4. Browse protein interaction detailed reports
   In the “Protein Interaction Pair Detailed Report” page, users can further examine biological relationship evidence that may exist between interacting proteins. For example, previously in the “Protein Interaction List” page, users can find out that INS_HUMAN (insulin precursor protein) and INSR_HUMAN (insulin receptor precursor protein) interact with each other with high confidence (a 5-star ranking). In this page, aided by protein annotation information shown side-by-side for both INS_HUMAN and INSR_HUMAN proteins, users can further conclude that this interaction fits into the “peptide ligand - receptor” binding model, and that the controlled binding of the two proteins play essential roles in several shared common pathways including insulin signaling pathways, type II diabetes, and the DLPRA disease process.
   
   Various annotation information of the interacting proteins are available and presented within the same page. In the current release, the annotation information includes: Protein Description from the UniProt database, corresponding gene symbols from the NCBI GENE database (with hyperlinks to the original gene entry at NCBI), top literature abstract co-citation references where the names or synonyms of both genes/proteins are mentioned in the same abstract (with hyperlinks to the PubMed abstract), top molecular pathways in the KEGG database associated with each of the proteins (with hyperlinks to the KEGG pathways), representative protein PDB structures for both proteins whenever available displayed immmediately next to each other, and gene/mRNA sequence feature alignment/annotations.
   
   In particular, the display of two prontein PDB structures side-by-side along with their mRNA/gene sequence feature and alignment maps, are considered highly innovative. To activate the structure exploration window, a user should first left-click on the JMOL Java applet, and then right-click to reveal the structure exploration menu. In our current release, it is also possible to directly navigate to corresponding PDB record pages through the hyperlink, or to explore a zoomed-in version of the JMOL structure viewer in a standalone explorer window. To activate and examine what each aligned line segments represents, click on the SafMap feature alignment Java applet first, then move the mouse over to read/access to the line segment of interest to reveal comment box.
   
   
   
   
5. Browse protein quick facts
   In this page, users are provided with a glimpse of a protein's name, gene name, description, cross-reference of sequence identifiers, and so on. Whenvever external database identifier reference is available, a hypertext link that allows the user to navigate to the original database web pages will be provided as much as possible.
   
   
   
6. Annotate Interactions
   In this page the registered users can add new annotation to the interactions, rank as well as provide directionality to the specific interaction.

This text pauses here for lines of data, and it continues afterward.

(* Under the hypotheses of Theorem 1 (the closed-loop scheme of the setting below, with (i) $\mathcal P_i(0)$ feasible for all $i$ and $S_i^\ast(0)\cap S_j^\ast(0)=\emptyset$ for all $i\neq j$, (ii) nominal completion: whenever contingency variables satisfying (C1)–(C8) and (L) of $\mathcal P_i(t+1)$ exist, nominal variables exist so that (N1)–(N3) also hold, and (iii) $\ell_i^{\mathrm c}(0,0)=0$), the closed-loop execution is collision-free: $\mathcal B_i(t)\cap\mathcal B_j(t)=\emptyset$ for all $i\neq j$ and all $t\in\mathbb Z_+$.
   Context: Setting. Agents $\mathcal I=\{1,\dots,M\}$. Agent $i$ has dynamics $x_i(t+1)=f_i(x_i(t),u_i(t))$, $x_i\in\mathbb R^{n_i}$, $u_i\in\mathbb R^{m_i}$, admissible sets $\mathcal X_i\subset\mathbb R^{n_i}$, $\mathcal U_i\subset\mathbb R^{m_i}$, position $p_i=C_ix_i\in\mathbb R^{n_p}$, body radius $r_i>0$, body $\mathcal B_i(t)=\mathbb B(p_i(t),r_i)$ (closed Euclidean ball), reference state $x_i^{\mathrm{ref}}$. A deterministic safe-set generator $\Gamma_i$ assigns to each $x\in\mathcal X_i$ a ball $\Gamma_i(x)=\mathbb B(c_i(x),R_i(x))$. The active safe set at time $t$ is $S_i^\ast(t)=\mathbb B(c_i(t),R_i(t))$. $h:\mathbb R^{n_p}\to\mathbb R$ is a continuous obstacle function. Horizons $N_{\mathrm n},N_{\mathrm c}\in\mathbb Z_{>0}$. Costs: nominal stage and terminal costs $\ell_i^{\mathrm n},V_i^{\mathrm n}$, nonnegative offset cost $V_i^{\mathrm c}$, nonnegative contingency stage cost $\ell_i^{\mathrm c}$, weight $\gamma>0$. Problem $\mathcal P_i(t)$ (given $x_i(t)$, $S_i^\ast(t)$ and a bound $\hat J_i^{\mathrm c}(t)\ge0$): decision variables $x^{\mathrm n}_{i,(k|t)}$ ($k=0..N_{\mathrm n}$), $u^{\mathrm n}_{i,(k|t)}$ ($k=0..N_{\mathrm n}-1$), $x^{\mathrm c}_{i,(k|t)}$ ($k=0..N_{\mathrm c}$), $u^{\mathrm c}_{i,(k|t)}$ ($k=0..N_{\mathrm c}-1$), $\bar x^{\mathrm c}_i(t),\bar u^{\mathrm c}_i(t)$; write $p^\bullet_{i,(k|t)}=C_ix^\bullet_{i,(k|t)}$. Minimize $J_i=\sum_{k=0}^{N_{\mathrm n}-1}\ell_i^{\mathrm n}(x^{\mathrm n}_{i,(k|t)},u^{\mathrm n}_{i,(k|t)})+V_i^{\mathrm n}(x^{\mathrm n}_{i,(N_{\mathrm n}|t)},x_i^{\mathrm{ref}})+\gamma V_i^{\mathrm c}(\bar x^{\mathrm c}_i(t),x_i^{\mathrm{ref}})$ subject to: (N1) $x^{\mathrm n}_{i,(0|t)}=x_i(t)$; (N2) $u^{\mathrm n}_{i,(0|t)}=u^{\mathrm c}_{i,(0|t)}$; (N3) $x^{\mathrm n}_{i,(k+1|t)}=f_i(x^{\mathrm n}_{i,(k|t)},u^{\mathrm n}_{i,(k|t)})$, $x^{\mathrm n}_{i,(k+1|t)}\in\mathcal X_i$, $u^{\mathrm n}_{i,(k|t)}\in\mathcal U_i$ for $k=0..N_{\mathrm n}-1$; (C1) $x^{\mathrm c}_{i,(0|t)}=x_i(t)$; (C2) $x^{\mathrm c}_{i,(k+1|t)}=f_i(x^{\mathrm c}_{i,(k|t)},u^{\mathrm c}_{i,(k|t)})$ for $k=0..N_{\mathrm c}-1$; (C3) $x^{\mathrm c}_{i,(k+1|t)}\in\mathcal X_i$, $u^{\mathrm c}_{i,(k|t)}\in\mathcal U_i$ for $k=0..N_{\mathrm c}-1$; (C4) $h(p^{\mathrm c}_{i,(k|t)})\ge0$ for $k=0..N_{\mathrm c}$; (C5) $x^{\mathrm c}_{i,(N_{\mathrm c}|t)}=\bar x^{\mathrm c}_i(t)$, $\bar x^{\mathrm c}_i(t)=f_i(\bar x^{\mathrm c}_i(t),\bar u^{\mathrm c}_i(t))$, $(\bar x^{\mathrm c}_i(t),\bar u^{\mathrm c}_i(t))\in\mathcal X_i\times\mathcal U_i$; (C6) $C_i\bar x^{\mathrm c}_i(t)\in S_i^\ast(t)$; (C7) $\|p^{\mathrm c}_{i,(k|t)}-c_i(t)\|\le R_i(t)-r_i$ for $k=0..N_{\mathrm c}$; (C8) $\|p^{\mathrm c}_{i,(l|t)}-c_i(x^{\mathrm c}_{i,(k|t)})\|\le R_i(x^{\mathrm c}_{i,(k|t)})-r_i$ for all $0\le k\le l\le N_{\mathrm c}$; (L) $J_i^{\mathrm c}(t)\le\hat J_i^{\mathrm c}(t)$, where $J_i^{\mathrm c}(t):=\sum_{k=0}^{N_{\mathrm c}-1}\ell_i^{\mathrm c}(x^{\mathrm c}_{i,(k|t)}-\bar x^{\mathrm c}_i(t),u^{\mathrm c}_{i,(k|t)}-\bar u^{\mathrm c}_i(t))+V_i^{\mathrm c}(\bar x^{\mathrm c}_i(t),x_i^{\mathrm{ref}})$. Closed loop: at each $t$ each agent solves $\mathcal P_i(t)$, a star denotes the optimal solution, $J_i^{\mathrm c,\ast}(t)$ is $J_i^{\mathrm c}$ evaluated at it, the input $u_i(t)=u^{\mathrm c,\ast}_{i,(0|t)}=u^{\mathrm n,\ast}_{i,(0|t)}$ is applied and the state evolves exactly by $x_i(t+1)=f_i(x_i(t),u_i(t))$. Bound update: $\hat J_i^{\mathrm c}(t+1):=J_i^{\mathrm c,\ast}(t)-\ell_i^{\mathrm c}(x_i(t)-\bar x^{\mathrm c,\ast}_i(t),u_i(t)-\bar u^{\mathrm c,\ast}_i(t))$. Freeze-or-shift (FoS) update: $\tilde S_i(t+1):=\Gamma_i(x_i(t+1))$; $\chi_i(t)=1$ if some $j\neq i$ has $\tilde S_i(t+1)\cap\tilde S_j(t+1)\neq\emptyset$ or $\tilde S_i(t+1)\cap S_j^\ast(t)\neq\emptyset$, else $\chi_i(t)=0$; $S_i^\ast(t+1)=S_i^\ast(t)$ if $\chi_i(t)=1$ and $S_i^\ast(t+1)=\tilde S_i(t+1)$ if $\chi_i(t)=0$. *)

theory Defs
  imports "HOL-Analysis.Analysis"
begin

text \<open>Candidate solution of problem P_i(t): nominal states/inputs, contingency
  states/inputs, and the terminal (offset) equilibrium pair.
  Sequences are indexed by the prediction step k; values outside the horizons are irrelevant.\<close>
record ('x, 'u) sol =
  xn :: "nat \<Rightarrow> 'x"
  un :: "nat \<Rightarrow> 'u"
  xc :: "nat \<Rightarrow> 'x"
  uc :: "nat \<Rightarrow> 'u"
  xb :: 'x
  ub :: 'u

definition Jc_cost ::
  "nat \<Rightarrow> ('x::real_vector \<Rightarrow> 'u::real_vector \<Rightarrow> real) \<Rightarrow> ('x \<Rightarrow> 'x \<Rightarrow> real) \<Rightarrow> 'x
   \<Rightarrow> ('x, 'u) sol \<Rightarrow> real" where
  "Jc_cost Nc lc Vc xref s =
     (\<Sum>k<Nc. lc (xc s k - xb s) (uc s k - ub s)) + Vc (xb s) xref"

definition J_cost ::
  "nat \<Rightarrow> ('x \<Rightarrow> 'u \<Rightarrow> real) \<Rightarrow> ('x \<Rightarrow> 'x \<Rightarrow> real) \<Rightarrow> real \<Rightarrow> ('x \<Rightarrow> 'x \<Rightarrow> real) \<Rightarrow> 'x
   \<Rightarrow> ('x, 'u) sol \<Rightarrow> real" where
  "J_cost Nn lnom Vn \<gamma> Vc xref s =
     (\<Sum>k<Nn. lnom (xn s k) (un s k)) + Vn (xn s Nn) xref + \<gamma> * Vc (xb s) xref"

definition nom_feas ::
  "('x \<Rightarrow> 'u \<Rightarrow> 'x) \<Rightarrow> 'x set \<Rightarrow> 'u set \<Rightarrow> nat \<Rightarrow> 'x \<Rightarrow> ('x, 'u) sol \<Rightarrow> bool" where
  "nom_feas f X U Nn x0 s \<longleftrightarrow>
     xn s 0 = x0 \<and>
     un s 0 = uc s 0 \<and>
     (\<forall>k<Nn. xn s (k+1) = f (xn s k) (un s k) \<and> xn s (k+1) \<in> X \<and> un s k \<in> U)"

text \<open>Contingency constraints (C1)--(C8) and (L), given the current state x0,
  active safe set cball c R and bound Jh.
  cG, RG: centre and radius of the safe-set generator Gamma_i.\<close>
definition cont_feas ::
  "('x::real_vector \<Rightarrow> 'u::real_vector \<Rightarrow> 'x) \<Rightarrow> 'x set \<Rightarrow> 'u set \<Rightarrow> ('x \<Rightarrow> 'p::euclidean_space)
   \<Rightarrow> ('x \<Rightarrow> 'p) \<Rightarrow> ('x \<Rightarrow> real) \<Rightarrow> ('p \<Rightarrow> real) \<Rightarrow> real \<Rightarrow> nat
   \<Rightarrow> ('x \<Rightarrow> 'u \<Rightarrow> real) \<Rightarrow> ('x \<Rightarrow> 'x \<Rightarrow> real) \<Rightarrow> 'x
   \<Rightarrow> 'x \<Rightarrow> 'p \<Rightarrow> real \<Rightarrow> real \<Rightarrow> ('x, 'u) sol \<Rightarrow> bool" where
  "cont_feas f X U C cG RG h r Nc lc Vc xref x0 c R Jh s \<longleftrightarrow>
     xc s 0 = x0 \<and>
     (\<forall>k<Nc. xc s (k+1) = f (xc s k) (uc s k)) \<and>
     (\<forall>k<Nc. xc s (k+1) \<in> X \<and> uc s k \<in> U) \<and>
     (\<forall>k\<le>Nc. h (C (xc s k)) \<ge> 0) \<and>
     (xc s Nc = xb s \<and> xb s = f (xb s) (ub s) \<and> xb s \<in> X \<and> ub s \<in> U) \<and>
     C (xb s) \<in> cball c R \<and>
     (\<forall>k\<le>Nc. norm (C (xc s k) - c) \<le> R - r) \<and>
     (\<forall>k l. k \<le> l \<and> l \<le> Nc \<longrightarrow> norm (C (xc s l) - cG (xc s k)) \<le> RG (xc s k) - r) \<and>
     Jc_cost Nc lc Vc xref s \<le> Jh"

text \<open>Freeze-or-shift flag chi_i(t), for agents 1..M with states x j t and
  active safe sets cball (cS j t) (RS j t).\<close>
definition fos_chi ::
  "nat \<Rightarrow> (nat \<Rightarrow> 'x \<Rightarrow> 'p::euclidean_space) \<Rightarrow> (nat \<Rightarrow> 'x \<Rightarrow> real) \<Rightarrow> (nat \<Rightarrow> nat \<Rightarrow> 'x)
   \<Rightarrow> (nat \<Rightarrow> nat \<Rightarrow> 'p) \<Rightarrow> (nat \<Rightarrow> nat \<Rightarrow> real) \<Rightarrow> nat \<Rightarrow> nat \<Rightarrow> bool" where
  "fos_chi M cG RG x cS RS i t \<longleftrightarrow>
     (\<exists>j\<in>{1..M}. j \<noteq> i \<and>
        (cball (cG i (x i (t+1))) (RG i (x i (t+1))) \<inter> cball (cG j (x j (t+1))) (RG j (x j (t+1))) \<noteq> {}
         \<or> cball (cG i (x i (t+1))) (RG i (x i (t+1))) \<inter> cball (cS j t) (RS j t) \<noteq> {}))"

end

theory Submission
  imports Defs
begin

text \<open>Every agent's body stays inside its active safe set, by constraint (C7) at k = 0, so it
  suffices that (a) every problem P_i(t) stays feasible and (b) the active safe sets stay pairwise
  disjoint. For (a), the optimal contingency plan of time t, shifted by one step and padded with
  its equilibrium, satisfies (C1)--(C8) and (L) at time t+1: a frozen safe set still contains it by
  (C7), a shifted one contains it by (C8), and the cost bound (L) decreases exactly by the first
  stage cost because the padding costs l^c(0,0) = 0; nominal completion then supplies the nominal
  part. For (b), an agent moves to a new safe set only if that set meets neither the new candidate
  nor the active safe set of any other agent, so disjointness survives every update.\<close>

definition shift_cont :: "nat \<Rightarrow> ('x, 'u) sol \<Rightarrow> ('x, 'u) sol" where
  "shift_cont Nc s = s\<lparr>xc := (\<lambda>k. xc s (min (k+1) Nc)),
                       uc := (\<lambda>k. if k+1 < Nc then uc s (k+1) else ub s)\<rparr>"

lemma Jc_cost_shift_cont:
  fixes lc :: "'x::real_vector \<Rightarrow> 'u::real_vector \<Rightarrow> real"
  assumes "0 < Nc" and "lc 0 0 = 0" and "xc s Nc = xb s"
  shows "Jc_cost Nc lc Vc xref (shift_cont Nc s)
           = Jc_cost Nc lc Vc xref s - lc (xc s 0 - xb s) (uc s 0 - ub s)"
proof -
  obtain m where m: "Nc = Suc m" using \<open>0 < Nc\<close> gr0_implies_Suc by blast
  let ?tail = "\<Sum>k<m. lc (xc s (Suc k) - xb s) (uc s (Suc k) - ub s)"
  have "(\<Sum>k<Nc. lc (xc (shift_cont Nc s) k - xb s) (uc (shift_cont Nc s) k - ub s))
          = ?tail + lc (xc s Nc - xb s) (ub s - ub s)"
    by (simp add: m shift_cont_def)
  also have "\<dots> = ?tail" using assms by simp
  also have "\<dots> = (\<Sum>k<Nc. lc (xc s k - xb s) (uc s k - ub s)) - lc (xc s 0 - xb s) (uc s 0 - ub s)"
    unfolding m sum.lessThan_Suc_shift by simp
  finally show ?thesis by (simp add: Jc_cost_def shift_cont_def)
qed

lemma cont_feas_shift_cont:
  assumes feas: "cont_feas f X U C cG RG h r Nc lc Vc xref x0 c R Jh s"
    and "0 < Nc" and "0 \<le> r" and "lc 0 0 = 0"
    and safe_set: "(c', R') = (c, R) \<or> (c', R') = (cG (xc s 1), RG (xc s 1))"
  shows "cont_feas f X U C cG RG h r Nc lc Vc xref (xc s 1) c' R'
           (Jc_cost Nc lc Vc xref s - lc (x0 - xb s) (uc s 0 - ub s)) (shift_cont Nc s)"
proof -
  have dyn: "\<forall>k<Nc. xc s (k+1) = f (xc s k) (uc s k)"
    and adm: "\<forall>k<Nc. xc s (k+1) \<in> X \<and> uc s k \<in> U"
    and obst: "\<forall>k\<le>Nc. h (C (xc s k)) \<ge> 0"
    and eq: "xc s Nc = xb s" "xb s = f (xb s) (ub s)" "xb s \<in> X" "ub s \<in> U"
    and in_safe: "\<forall>k\<le>Nc. norm (C (xc s k) - c) \<le> R - r"
    and in_gen: "\<forall>k l. k \<le> l \<and> l \<le> Nc \<longrightarrow> norm (C (xc s l) - cG (xc s k)) \<le> RG (xc s k) - r"
    and x0: "xc s 0 = x0"
    using feas unfolding cont_feas_def by auto
  have in_new_safe: "norm (C (xc s l) - c') \<le> R' - r" if "1 \<le> l" "l \<le> Nc" for l
    using safe_set in_safe in_gen that by auto
  have X_next: "xc s (min (k+2) Nc) \<in> X" if "k < Nc" for k
    using adm eq(1,3) by (cases "k+2 \<le> Nc") (auto simp: min_def)
  show ?thesis
    unfolding cont_feas_def
  proof (intro conjI allI impI)
    fix k assume "k < Nc"
    then show "xc (shift_cont Nc s) (k+1) = f (xc (shift_cont Nc s) k) (uc (shift_cont Nc s) k)"
    proof (cases "k+1 < Nc")
      case False
      with \<open>k < Nc\<close> have "k+1 = Nc" by simp
      then show ?thesis using eq by (simp add: shift_cont_def)
    qed (use dyn in \<open>simp add: shift_cont_def\<close>)
    show "xc (shift_cont Nc s) (k+1) \<in> X"
      using X_next[OF \<open>k < Nc\<close>] by (simp add: shift_cont_def add.assoc)
    show "uc (shift_cont Nc s) k \<in> U" using adm eq by (simp add: shift_cont_def)
  next
    show "C (xb (shift_cont Nc s)) \<in> cball c' R'"
      using in_new_safe[of Nc] \<open>0 < Nc\<close> \<open>0 \<le> r\<close> eq(1)
      by (simp add: shift_cont_def dist_norm norm_minus_commute)
  next
    fix k assume "k \<le> Nc"
    show "norm (C (xc (shift_cont Nc s) k) - c') \<le> R' - r"
      using in_new_safe[of "min (k+1) Nc"] \<open>0 < Nc\<close> by (simp add: shift_cont_def)
  next
    fix k l assume "k \<le> l \<and> l \<le> Nc"
    then show "norm (C (xc (shift_cont Nc s) l) - cG (xc (shift_cont Nc s) k))
                 \<le> RG (xc (shift_cont Nc s) k) - r"
      using in_gen[rule_format, of "min (k+1) Nc" "min (l+1) Nc"]
      by (simp add: shift_cont_def min_le_iff_disj)
  next
    show "Jc_cost Nc lc Vc xref (shift_cont Nc s)
            \<le> Jc_cost Nc lc Vc xref s - lc (x0 - xb s) (uc s 0 - ub s)"
      using Jc_cost_shift_cont[where lc=lc and Nc=Nc and s=s, OF \<open>0 < Nc\<close> \<open>lc 0 0 = 0\<close> eq(1)] x0
      by simp
  qed (use obst eq \<open>0 < Nc\<close> in \<open>auto simp: shift_cont_def\<close>)
qed

lemma cont_feas_update_nominal [simp]:
  "cont_feas f X U C cG RG h r Nc lc Vc xref x0 c R Jh (s\<lparr>xn := a, un := b\<rparr>)
     \<longleftrightarrow> cont_feas f X U C cG RG h r Nc lc Vc xref x0 c R Jh s"
  by (simp add: cont_feas_def Jc_cost_def)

7. Create and Save list of selected protein interactions
   To create list and to save interactions you must be a registered user.

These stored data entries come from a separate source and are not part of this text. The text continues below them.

lemma real_sqrt_power2_abs: "(sqrt x)\<^sup>2 = \<bar>x\<bar>"
proof (cases "x \<ge> 0")
  case False
  then have "sqrt x = - sqrt (- x)"
    using real_sqrt_minus[of "- x"] by simp
  with False show ?thesis by simp
qed simp

text \<open>The factor 2 is needed because \<open>sqrt\<close> is odd on negative arguments.\<close>

lemma abs_sqrt_diff_le:
  fixes a b :: real
  shows "\<bar>sqrt a - sqrt b\<bar> \<le> sqrt (2 * \<bar>a - b\<bar>)"
proof -
  have "(sqrt a - sqrt b)\<^sup>2 \<le> 2 * \<bar>a - b\<bar>"
  proof (cases "0 \<le> a \<longleftrightarrow> 0 \<le> b")
    case True
    then have "0 \<le> sqrt a * sqrt b"
      by (auto simp: zero_le_mult_iff simp flip: real_sqrt_mult)
    moreover have "\<bar>u - v\<bar> \<le> \<bar>u + v\<bar>" if "0 \<le> u * v" for u v :: real
      using that by (simp add: abs_le_square_iff power2_diff power2_sum)
    ultimately have "\<bar>sqrt a - sqrt b\<bar> \<le> \<bar>sqrt a + sqrt b\<bar>"
      by blast
    have "(sqrt a - sqrt b)\<^sup>2 = \<bar>sqrt a - sqrt b\<bar> * \<bar>sqrt a - sqrt b\<bar>"
      by (simp add: power2_eq_square)
    also have "\<dots> \<le> \<bar>sqrt a - sqrt b\<bar> * \<bar>sqrt a + sqrt b\<bar>"
      using \<open>\<bar>sqrt a - sqrt b\<bar> \<le> \<bar>sqrt a + sqrt b\<bar>\<close> by (rule mult_left_mono) simp
    also have "\<dots> = \<bar>(sqrt a - sqrt b) * (sqrt a + sqrt b)\<bar>"
      by (simp add: abs_mult)
    also have "\<dots> = \<bar>\<bar>a\<bar> - \<bar>b\<bar>\<bar>"
      by (simp add: algebra_simps flip: real_sqrt_power2_abs power2_eq_square)
    also have "\<dots> \<le> \<bar>a - b\<bar>"
      by (rule abs_triangle_ineq3)
    also have "\<dots> \<le> 2 * \<bar>a - b\<bar>"
      by simp
    finally show ?thesis .
  next
    case False
    have "(x - y)\<^sup>2 \<le> 2 * (x\<^sup>2 + y\<^sup>2)" for x y :: real
      using zero_le_power2[of "x + y"] by (simp add: power2_diff power2_sum)
    then have "(sqrt a - sqrt b)\<^sup>2 \<le> 2 * ((sqrt a)\<^sup>2 + (sqrt b)\<^sup>2)" .
    moreover have "\<bar>a - b\<bar> = \<bar>a\<bar> + \<bar>b\<bar>"
      using False by (auto simp: abs_if)
    ultimately show ?thesis
      by (simp add: real_sqrt_power2_abs)
  qed
  then show ?thesis
    using real_sqrt_le_mono by (fastforce simp flip: real_sqrt_abs)
qed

   Customized list of interactions could be created by selecting the resulting interactions of their searched proteins and press 'Save to List' button. The users can then name the list and the interactions will be saved in the respective list.
   The List and the interactions can be viewed from the users 'My page' once logged in.

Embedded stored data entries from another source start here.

(* If $H\in\mathcal{H}'$ and $H\notin\{K_4,W_5,M_7,J_7\}$, then $|V(H)|\ge 8$.
   Context: $M_7$ (Moser spindle): vertices $v_1,\dots,v_5,w_1,w_2$, with 5-cycle $v_1\cdots v_5$, $w_1$ adjacent to $v_1,v_2,v_3$ and $w_2$ adjacent to $v_1,v_4,v_5$. A near-bipartite coloring of a graph is a partition of its vertices into $I,F$ with $I$ independent and $G[F]$ a forest; a graph is nb-critical if it has none but every proper subgraph has one. Base graphs: $K_4$; the wheel $W_5$ (5-cycle plus a vertex adjacent to all its vertices); $J_7$, with vertices $w_1,\dots,w_4,v_1,v_2,v_3$ and edges $w_1v_1,w_1v_3,w_1w_4,w_2v_1,w_2v_2,w_2w_4,w_3v_2,w_3v_3,w_3w_4,v_1v_2,v_1v_3,v_2v_3$; and $J_{12}$, with vertices $a,b,p_1,\dots,p_4,q_1,\dots,q_6$ and edges $ab,p_1p_2,p_3p_4,ap_1,ap_2,bp_3,bp_4,q_1p_1,q_1p_2,q_2p_1,q_2p_2,q_3p_3,q_3p_4,q_4p_3,q_4p_4,q_5q_1,q_5q_3,q_6q_2,q_6q_4,q_5q_6$. The family $\mathcal{H}'$ is defined recursively: $s,t$ are specially-linked in $J$ if there exist $H\in\mathcal{H}'$ and $vw\in E(H)$ such that $J$ contains a subgraph isomorphic to $H-vw$ with $v\mapsto s,w\mapsto t$. $H\in\mathcal{H}'$ iff $H$ is a base graph, or $H$ is nb-critical with an induced cycle $C=x_1\cdots x_k$, $k\in\{3,5\}$, all $x_i$ of degree 3 in $H$, such that with $N(x_j)=\{x_{j-1},x_{j+1},z_j\}$ (indices mod $k$), whenever $z_j\ne z_{j+1}$ the vertices $z_j,z_{j+1}$ are specially-linked in $H-V(C)$. *)

theory Defs
  imports Main
begin

type_synonym 'a ugraph = "'a set \<times> 'a set set"

definition verts :: "'a ugraph \<Rightarrow> 'a set" where "verts G = fst G"
definition edges :: "'a ugraph \<Rightarrow> 'a set set" where "edges G = snd G"

definition wf_graph :: "'a ugraph \<Rightarrow> bool" where
  "wf_graph G \<longleftrightarrow> finite (verts G) \<and>
     (\<forall>e\<in>edges G. \<exists>u v. u \<noteq> v \<and> e = {u, v} \<and> u \<in> verts G \<and> v \<in> verts G)"

definition adj :: "'a ugraph \<Rightarrow> 'a \<Rightarrow> 'a \<Rightarrow> bool" where
  "adj G u v \<longleftrightarrow> {u, v} \<in> edges G"

definition nbhd :: "'a ugraph \<Rightarrow> 'a \<Rightarrow> 'a set" where
  "nbhd G v = {u. adj G v u}"

definition degree :: "'a ugraph \<Rightarrow> 'a \<Rightarrow> nat" where
  "degree G v = card (nbhd G v)"

definition is_cycle :: "'a ugraph \<Rightarrow> 'a list \<Rightarrow> bool" where
  "is_cycle G xs \<longleftrightarrow> length xs \<ge> 3 \<and> distinct xs \<and> set xs \<subseteq> verts G \<and>
     (\<forall>i < length xs. adj G (xs ! i) (xs ! ((i + 1) mod length xs)))"

definition induced_cycle :: "'a ugraph \<Rightarrow> 'a list \<Rightarrow> bool" where
  "induced_cycle G xs \<longleftrightarrow> is_cycle G xs \<and>
     (\<forall>u\<in>set xs. \<forall>v\<in>set xs. adj G u v \<longrightarrow>
        (\<exists>i < length xs. {u, v} = {xs ! i, xs ! ((i + 1) mod length xs)}))"

definition independent :: "'a ugraph \<Rightarrow> 'a set \<Rightarrow> bool" where
  "independent G I \<longleftrightarrow> I \<subseteq> verts G \<and> (\<forall>u\<in>I. \<forall>v\<in>I. \<not> adj G u v)"

text \<open>The induced subgraph G[F] is a forest: it contains no cycle (the edges of G[F]
  are exactly the edges of G between vertices of F).\<close>
definition induces_forest :: "'a ugraph \<Rightarrow> 'a set \<Rightarrow> bool" where
  "induces_forest G F \<longleftrightarrow> F \<subseteq> verts G \<and> \<not> (\<exists>xs. is_cycle G xs \<and> set xs \<subseteq> F)"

8. Browse new protein interactions
   Different ways to browse new protein interactions-
   • HAPPI home page
   • HAPPI Advanced Search page
   • Go to an interacting protein's "Protein Quick Facts" annotation and click on the protein entry name
   • Once logged in, select the list name (if created any) to view the interactions in those list and select the proteins to futher search interactions.